Note: The cpus, men, disk, and gpus parameters above specify the allocated resources and therefore define the maximum amount of resources a task can use. This number is not necessarily the same as the amount of resources a task actually uses. That number is usually lower.

Scaling Applications

When we need more resources for our app, we can scale in two dimensions: horizontally and vertically.

Scale horizontally by increasing the instance count

You can scale the instance count in two ways: scale an entire app group by a factor or directly set number of instances for an app.

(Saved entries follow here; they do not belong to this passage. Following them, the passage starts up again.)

(* Consider the control-affine system $\dot x = f(x) + g(x)u$ with $f:\mathbb{R}^n\to\mathbb{R}^n$, $g:\mathbb{R}^n\to\mathbb{R}^{n\times m}$ locally Lipschitz, a continuously differentiable function $h:\mathbb{R}^n\to\mathbb{R}$ with safe set $\mathcal{C}=\{x:h(x)\ge0\}$ and boundary $\partial\mathcal{C}=\{x:h(x)=0\}$, and a controller $k:\mathbb{R}^n\to\mathbb{R}^m$ satisfying $L_fh(x)+L_gh(x)k(x)\ge-\alpha(h(x))$ for all $x\in\mathcal{C}$, with $\alpha$ a class-$\mathcal{K}_\infty^e$ function. Let $d>0$, $\delta>0$, $c>\frac{d}{\alpha(\delta)}$ and $\alpha'(r)=(1+c)\alpha(r)$. Assume: (i) there is $\mu>0$ with $\|L_gh(x)\|\ge\mu$ for all $x\in\partial\mathcal{C}$; (ii) $L_gh$ is Lipschitz on $\mathcal{C}$: there is $M>0$ with $\|L_gh(x)-L_gh(y)\|\le M\|x-y\|$ for all $x,y\in\mathcal{C}$; (iii) there is a class-$\mathcal{K}$ function $\beta$ with $h(x)\ge\beta\big(\inf_{y\in\partial\mathcal{C}}\|x-y\|\big)$. Define the adjusted controller $k_a(x) = k(x) + \frac{1}{\varepsilon}L_gh(x)^\top$ with $0<\varepsilon\le\frac{\mu^2}{4d}$. Then $$\dot h(x,k_a(x)) := L_fh(x)+L_gh(x)k_a(x) \ge -\alpha'(h(x)) + d$$ for all $x\in\mathcal{C}$ for which there exists $y\in\partial\mathcal{C}$ with $\|x-y\|\le\frac{\mu}{2M}$.
   Context: $L_fh(x) = \frac{\partial h}{\partial x}(x)f(x)$, $L_gh(x) = \frac{\partial h}{\partial x}(x)g(x)$ (a row vector). A function $\alpha:[-b,a)\to\mathbb{R}$ is of class-$\mathcal{K}_\infty^e$ if it is continuous, strictly increasing, $\alpha(0)=0$, $\lim_{s\to\infty}\alpha(s)=\infty$, and $\alpha(y)\le0$ for $y\in[-b,0]$. A class-$\mathcal{K}$ function is a continuous strictly increasing function $\beta:[0,a)\to\mathbb{R}_{\ge0}$ with $\beta(0)=0$. *)

theory Defs
  imports "HOL-Analysis.Analysis"
begin

definition loc_lipschitz :: "('a::metric_space \<Rightarrow> 'b::metric_space) \<Rightarrow> bool" where
  "loc_lipschitz F \<longleftrightarrow>
     (\<forall>x. \<exists>r>0. \<exists>L. \<forall>y\<in>ball x r. \<forall>z\<in>ball x r. dist (F y) (F z) \<le> L * dist y z)"

definition class_Kinf_e :: "(real \<Rightarrow> real) \<Rightarrow> real \<Rightarrow> bool" where
  "class_Kinf_e \<alpha> b \<longleftrightarrow> b > 0 \<and> continuous_on {-b..} \<alpha> \<and> strict_mono_on {-b..} \<alpha> \<and>
     \<alpha> 0 = 0 \<and> filterlim \<alpha> at_top at_top \<and> (\<forall>y\<in>{-b..0}. \<alpha> y \<le> 0)"

definition class_K :: "(real \<Rightarrow> real) \<Rightarrow> ereal \<Rightarrow> bool" where
  "class_K \<beta> a \<longleftrightarrow> a > 0 \<and> continuous_on {s. 0 \<le> s \<and> ereal s < a} \<beta> \<and>
     strict_mono_on {s. 0 \<le> s \<and> ereal s < a} \<beta> \<and> \<beta> 0 = 0 \<and>
     (\<forall>s. 0 \<le> s \<and> ereal s < a \<longrightarrow> \<beta> s \<ge> 0)"

text \<open>Lie derivatives of h (with gradient gradh) along f and along the columns of g.
  L_gh x is the row vector (dh/dx) g(x), represented as a vector in real^'m.\<close>
definition Lfh :: "(real^'n \<Rightarrow> real^'n) \<Rightarrow> (real^'n \<Rightarrow> real^'n) \<Rightarrow> real^'n \<Rightarrow> real" where
  "Lfh gradh f x = gradh x \<bullet> f x"

definition Lgh :: "(real^'n \<Rightarrow> real^'n) \<Rightarrow> (real^'n \<Rightarrow> real^'m^'n) \<Rightarrow> real^'n \<Rightarrow> real^'m" where
  "Lgh gradh g x = gradh x v* g x"

end

theory Submission
  imports Defs
begin

text \<open>Within distance \<open>\<mu>/(2M)\<close> of the boundary, the Lipschitz bound (ii) keeps
  \<open>\<parallel>L_gh x\<parallel> \<ge> \<mu>/2\<close>, so the extra term \<open>(1/\<epsilon>) \<parallel>L_gh x\<parallel>\<^sup>2\<close> contributed by \<open>k_a\<close> is at
  least \<open>\<mu>\<^sup>2/(4\<epsilon>) \<ge> d\<close>. The remaining loss \<open>c \<alpha>(h x)\<close> is nonnegative on the safe set,
  because \<open>c > d/\<alpha>(\<delta>) > 0\<close>.\<close>

lemma class_Kinf_e_pos:
  assumes "class_Kinf_e \<alpha> b" and "0 < s"
  shows "0 < \<alpha> s"
proof -
  have "b > 0" "strict_mono_on {-b..} \<alpha>" "\<alpha> 0 = 0"
    using assms(1) unfolding class_Kinf_e_def by auto
  then show ?thesis
    using assms(2) strict_mono_onD[of "{-b..}" \<alpha> 0 s] by auto
qed

lemma class_Kinf_e_nonneg:
  assumes "class_Kinf_e \<alpha> b" and "0 \<le> s"
  shows "0 \<le> \<alpha> s"
  using assms class_Kinf_e_pos[OF assms(1)] unfolding class_Kinf_e_def
  by (cases "s = 0") (auto intro: less_imp_le)

lemma norm_lower_bound_near:
  fixes F :: "'a::real_normed_vector \<Rightarrow> 'b::real_normed_vector"
  assumes "\<mu> \<le> norm (F y)" and "norm (F x - F y) \<le> M * norm (x - y)"
    and "0 < M" and "norm (x - y) \<le> \<mu> / (2 * M)"
  shows "\<mu> / 2 \<le> norm (F x)"
proof -
  have "M * norm (x - y) \<le> \<mu> / 2"
    using assms(3,4) by (simp add: field_simps)
  moreover have "norm (F y) \<le> norm (F x) + norm (F x - F y)"
    by (metis norm_minus_commute norm_triangle_sub add.commute)
  ultimately show ?thesis
    using assms(1,2) by linarith
qed

lemma inner_scaleR_self_ge:
  fixes v :: "'a::real_inner"
  assumes "\<mu> / 2 \<le> norm v" and "0 < \<mu>" and "0 < d"
    and "0 < \<epsilon>" and "\<epsilon> \<le> \<mu>\<^sup>2 / (4 * d)"
  shows "d \<le> v \<bullet> ((1 / \<epsilon>) *\<^sub>R v)"
proof -
  have "\<mu>\<^sup>2 / 4 \<le> (norm v)\<^sup>2"
    using power_mono[OF assms(1), of 2] assms(2) by (simp add: power_divide)
  then have "\<mu>\<^sup>2 / 4 \<le> v \<bullet> v"
    by (simp add: power2_norm_eq_inner)
  moreover have "d \<le> \<mu>\<^sup>2 / (4 * \<epsilon>)"
    using assms(3-5) by (simp add: field_simps)
  ultimately have "d \<le> (v \<bullet> v) / \<epsilon>"
    using assms(4) by (simp add: field_simps)
  then show ?thesis
    by simp
qed

theorem lemma3:
  fixes f :: "real^'n \<Rightarrow> real^'n" and g :: "real^'n \<Rightarrow> real^'m^'n"
    and h :: "real^'n \<Rightarrow> real" and gradh :: "real^'n \<Rightarrow> real^'n"
    and k :: "real^'n \<Rightarrow> real^'m"
    and \<alpha> :: "real \<Rightarrow> real" and b :: real
    and \<beta> :: "real \<Rightarrow> real" and a :: ereal
    and d \<delta> c \<mu> M \<epsilon> :: real
  assumes f_lip: "loc_lipschitz f" and g_lip: "loc_lipschitz g"
    and h_deriv: "\<And>x. (h has_derivative (\<lambda>v. gradh x \<bullet> v)) (at x)"
    and h_C1: "continuous_on UNIV gradh"
    and alpha: "class_Kinf_e \<alpha> b"
    and k_cbf: "\<And>x. h x \<ge> 0 \<Longrightarrow> Lfh gradh f x + Lgh gradh g x \<bullet> k x \<ge> - \<alpha> (h x)"
    and d_pos: "d > 0" and delta_pos: "\<delta> > 0" and c_gt: "c > d / \<alpha> \<delta>"
    and mu_pos: "\<mu> > 0"
    and i: "\<And>x. h x = 0 \<Longrightarrow> norm (Lgh gradh g x) \<ge> \<mu>"
    and M_pos: "M > 0"
    and ii: "\<And>x y. h x \<ge> 0 \<Longrightarrow> h y \<ge> 0 \<Longrightarrow>
               norm (Lgh gradh g x - Lgh gradh g y) \<le> M * norm (x - y)"
    and beta: "class_K \<beta> a"
    and iii: "\<And>x. h x \<ge> 0 \<Longrightarrow> ereal (infdist x {y. h y = 0}) < a \<and>
                    h x \<ge> \<beta> (infdist x {y. h y = 0})"
    and eps: "0 < \<epsilon>" "\<epsilon> \<le> \<mu>^2 / (4 * d)"
  shows "\<forall>x. h x \<ge> 0 \<and> (\<exists>y. h y = 0 \<and> norm (x - y) \<le> \<mu> / (2 * M)) \<longrightarrow>
           Lfh gradh f x + Lgh gradh g x \<bullet> (k x + (1 / \<epsilon>) *\<^sub>R Lgh gradh g x)
             \<ge> - ((1 + c) * \<alpha> (h x)) + d"
proof (intro allI impI)
  fix x
  assume "h x \<ge> 0 \<and> (\<exists>y. h y = 0 \<and> norm (x - y) \<le> \<mu> / (2 * M))"
  then obtain y where hx: "h x \<ge> 0" and hy: "h y = 0" and near: "norm (x - y) \<le> \<mu> / (2 * M)"
    by blast
  let ?L = "Lgh gradh g"
  have "\<mu> / 2 \<le> norm (?L x)"
    using norm_lower_bound_near[OF i[OF hy] ii[OF hx] M_pos near] hy by simp
  then have gain: "d \<le> ?L x \<bullet> ((1 / \<epsilon>) *\<^sub>R ?L x)"
    using inner_scaleR_self_ge mu_pos d_pos eps by blast
  have "0 < d / \<alpha> \<delta>"
    using class_Kinf_e_pos[OF alpha delta_pos] d_pos by simp
  then have "0 \<le> c * \<alpha> (h x)"
    using c_gt class_Kinf_e_nonneg[OF alpha hx] by simp
  then show "Lfh gradh f x + ?L x \<bullet> (k x + (1 / \<epsilon>) *\<^sub>R ?L x) \<ge> - ((1 + c) * \<alpha> (h x)) + d"
    using k_cbf[OF hx] gain by (simp add: inner_add_right algebra_simps)
qed

end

  • Scale dcos-101 app group. This is useful if you want to scale multiple apps in a single group:
    • Scale up by factor 2: dcos marathon group scale dcos-101 2
    • Check that both app1 and app2 have scaled:
      dcos marathon app list.
    • Scale down again: dcos marathon group scale dcos-101 0.5
    • Check that both app1 and app2 have scaled:
      dcos marathon app list.
  • Set instance count for app2 directly. This is useful is you want to scale app a single app or if the factor-based scaling is not applicable:

    • dcos marathon app update /dcos-101/app2 instances=3 Note that these are applied incrementally to an existing app definition.
    • Check that app2 has scaled dcos marathon app update /dcos-101/app2 instances=1.
    • Rescale app2 to 1 instance dcos marathon app update /dcos-101/app2 instances=1.
    • Check that app2 has scaled dcos marathon app list.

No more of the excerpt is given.